Although confessing to not being much of a cook himself, Burnham will rave about his mother’s peach crumb pie. My favorite peach dish involves my grandmother’s home in Novelty. After a day of playing in her pool, we were always treated to a bowl of fresh peach ice cream. This ice cream was handmade and delivered fresh weekly by her milkman. She had an actual person who would deliver fresh milk, and when her grandkids were visiting, a half-gallon of fresh peach ice cream. The ice cream was rich and creamy, with large peach chunks. Freshly scooped, the peaches were crystallized and slightly icy, but let the ice cream sit a few minutes, and the peaches became sweet, soft and juicy. A juicy, sweet summer peach can’t be beat alone or in a summer dish. Or ice cream.
RECIPES
Grilled Peach, Almond and Arugula Salad
Serves 8
Ingredients:
2 cups fresh arugula, washed and dried
6 cups fresh mixed greens, washed and dried
3 free stone peaches, sliced and grilled
1/2 cup parmesan cheese flakes
1/4 cup slivered almonds, toasted
2 Tbsp. candied ginger, minced
Directions:
Toss all ingredients together in large bowl with balsamic vinaigrette (recipe below).
Balsamic Vinaigrette
Ingredients:
1/4 cup balsamic vinegar
2 Tablespoons Dijon mustard
½ cup extra-virgin olive oil
Salt and pepper to taste
Directions:
In a food processor, blend together vinegar, mustard, salt and pepper. Slowly add oil to create an emulsion. Toss with salad.

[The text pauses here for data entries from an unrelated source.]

lemma paravector_type_op_additive:
  fixes D :: "('w::real_normed_vector ^ ('n::{finite,linorder} set)) set"
  assumes "paravector_type_op D f"
  shows "additive_operator D f"
proof -
  obtain Tdom :: "'n option \<Rightarrow> 'w set" and Tfun
    where T: "\<And>j. real_closed_op (Tdom j) (Tfun j)"
      and D: "D = {v. \<forall>A j. v $ A \<in> Tdom j}"
      and f: "\<And>v. v \<in> D \<Longrightarrow> f v = (\<chi> C. Tfun None (v $ C)
          + (\<Sum>i\<in>UNIV. \<Sum>A\<in>UNIV. if ({i} - A) \<union> (A - {i}) = C
                then cl_sign {i} A *\<^sub>R Tfun (Some i) (v $ A) else 0))"
    using assms unfolding paravector_type_op_def by blast
  have sub: "subspace (Tdom j)" for j
    using T[of j] unfolding real_closed_op_def by blast
  have Tadd: "Tfun j (a + b) = Tfun j a + Tfun j b" if "a \<in> Tdom j" "b \<in> Tdom j" for j a b
    using T[of j] that unfolding real_closed_op_def by blast
  have "x + y \<in> D \<and> f (x + y) = f x + f y" if x: "x \<in> D" and y: "y \<in> D" for x y
  proof
    have xA: "x $ A \<in> Tdom j" and yA: "y $ A \<in> Tdom j" for A j
      using x y D by auto
    show xy: "x + y \<in> D"
      unfolding D using xA yA sub subspace_add by fastforce
    have Tadd_comp: "Tfun j (x $ A + y $ A) = Tfun j (x $ A) + Tfun j (y $ A)" for j A
      using Tadd[OF xA yA] .
    have if_add: "(if P then a + b else 0) = (if P then a else 0) + (if P then b else 0)"
      for P and a b :: 'w
      by simp
    show "f (x + y) = f x + f y"
      unfolding f[OF xy] f[OF x] f[OF y] vec_eq_iff
      by (simp add: Tadd_comp scaleR_add_right if_add sum.distrib algebra_simps cong: if_cong)
  qed
  moreover have "0 \<in> D"
    unfolding D using sub subspace_0 by auto
  ultimately show ?thesis
    unfolding additive_operator_def by blast
qed

theorem mainTheorem17:
  shows "(\<forall>(lmul :: quat \<Rightarrow> 'v::banach \<Rightarrow> 'v) rmul. two_sided_quat_banach lmul rmul \<longrightarrow>
            Thm17_claim rmul UNIV qre qnorm (closed_rop rmul UNIV))
       \<and> Thm17_claim (cl_rmul :: 'w::banach ^ ('n::{finite,linorder} set) \<Rightarrow> _ \<Rightarrow> _)
            paravectors cl_re cl_abs paravector_type_op"
proof (intro conjI allI impI)
  fix lmul :: "quat \<Rightarrow> 'v \<Rightarrow> 'v" and rmul
  assume "two_sided_quat_banach lmul rmul"
  then show "Thm17_claim rmul UNIV qre qnorm (closed_rop rmul UNIV)"
    by (intro Thm17_claimI two_sided_quat_banach_real_scalars closed_rop_additive)
next
  show "Thm17_claim (cl_rmul :: 'w ^ ('n set) \<Rightarrow> _ \<Rightarrow> _) paravectors cl_re cl_abs paravector_type_op"
    by (intro Thm17_claimI cl_rmul_real_scalars paravector_type_op_additive)
qed

end
(* Let $\varphi=\frac{1+\sqrt5}{2}$ be the golden ratio and let $(F_n)_{n\ge1}$ be the Fibonacci numbers with $F_1=F_2=1$ and $F_{n+1}=F_n+F_{n-1}$. For $n\in\mathbb{N}_{>0}$ let $\sigma_{F_n}\in S_{F_n}$ be the Kronecker permutation associated with $(\{k\varphi\})_{k=1}^{F_n}$, i.e. the unique permutation of $\{1,\dots,F_n\}$ with $\{\sigma_{F_n}(1)\varphi\}<\{\sigma_{F_n}(2)\varphi\}<\dots<\{\sigma_{F_n}(F_n)\varphi\}$. Then: (1) If $n$ is even, the cycle decomposition of $\sigma_{F_n}$ consists only of 2-cycles and fixed points. (2) If $n\equiv 1$ or $n\equiv 5 \pmod 6$, the cycle decomposition of $\sigma_{F_n}$ consists of cycles of length 4 and exactly one fixed point. (3) If $n\equiv 3 \pmod 6$, the cycle decomposition of $\sigma_{F_n}$ consists of cycles of length 4 and exactly one cycle of length 2.
   Context: For real $x$, $\{x\}=x-\lfloor x\rfloor$ denotes the fractional part. For an irrational $\alpha>0$ and $N\in\mathbb{N}$, the $N$ numbers $\{k\alpha\}$, $1\le k\le N$, are distinct, and the Kronecker permutation $\sigma_N\in S_N$ is defined by ordering them increasingly: $\{\sigma_N(1)\alpha\}<\dots<\{\sigma_N(N)\alpha\}$. Cycle lengths refer to the disjoint cycle decomposition of the permutation (a fixed point is a cycle of length 1). *)

theory Defs
  imports Complex_Main "HOL-Combinatorics.Combinatorics" "HOL-Number_Theory.Fib"
begin

definition kronecker_perm :: "real \<Rightarrow> nat \<Rightarrow> nat \<Rightarrow> nat" where
  "kronecker_perm \<alpha> N = (THE \<sigma>. \<sigma> permutes {1..N} \<and>
      (\<forall>i\<in>{1..N}. \<forall>j\<in>{1..N}. i < j \<longrightarrow> frac (real (\<sigma> i) * \<alpha>) < frac (real (\<sigma> j) * \<alpha>)))"

definition golden_ratio :: real where
  "golden_ratio = (1 + sqrt 5) / 2"

definition cycles_of :: "('a \<Rightarrow> 'a) \<Rightarrow> 'a set \<Rightarrow> 'a set set" where
  "cycles_of p A = (\<lambda>x. orbit p x) ` A"

end

theory Submission
  imports Defs "HOL-Number_Theory.Cong"
begin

Peaches and Cream in Phyllo Shells
Recipe adapted from Athens Fillo Dough Recipe Book
Ingredients:
2 ¼ cups sour cream
1/3 cup powdered sugar
1 tsp. vanilla bean paste
4-5 ripe peaches
¼ cup sugar
20 sheets Athens Fillo Dough, thawed
¼ cup butter, melted
16 mint leaves for garnish

Directions:
Preheat oven to 350°F degrees.
To make the cream: combine the sour cream, powdered sugar and vanilla bean paste, then stir and refrigerate.
Cut peaches into quarters and toss with sugar. Chill.
Prepare 16 shells by spreading out phyllo sheets.
Working quickly, brush sheets with melted butter and stack into four sheets each stack. Cut sheets into 4 inch diameter circles or 4 inch squares.
Place buttered sheets into a buttered muffin tin. Place each stack of four sheets into each muffin cup to create a little phyllo cup. Bake shells 8 to 10 minutes, or until golden brown. Allow to cool.
Spoon 2 tablespoons of cream into each shell, arrange peaches on top and finish with more cream. Garnish with mint leaves.
Peach Honey Bread
Ingredients:
2 teaspoons instant yeast
3 ½ cups AP flour
1/4 cup warm water
3 large eggs, plus 1 for glazing
1 1/2 teaspoons sea salt
1/4 cup olive oil
1/4 cup honey
2 Tablespoons granulated sugar
1 cup fresh peaches, peeled and diced
Directions:
In a mixing bowl, add warm water (approximately 100°F) and pour yeast into warm water. Add the granulated sugar. Let the mixture rest until it begins to ferment and bubble.
Whisk the eggs, salt, oil and honey. Add peaches. Add the flour all at once. Knead ingredients together with your hands until all ingredients are incorporated. Turn out dough on countertop that’s been lightly dusted with flour and knead it smooth, no more than 5 minutes.
Place the dough in a bowl and cover it with plastic wrap. Let the dough rest in a warm spot until it has doubled in size, about 2 hours.
Line baking sheet with parchment paper. Divide the dough into equal, ball-shaped portions for loaves.
Cover the loaves well with plastic wrap. Let them proof until tripled in size, about 2 hours.
Preheat the oven to 325°F. Whisk the remaining egg with a little water to brush over the dough. Brush fully proofed loaves with the egg glaze. Bake for approximately 25 minutes until browned. Place finished loaves on a rack to cool.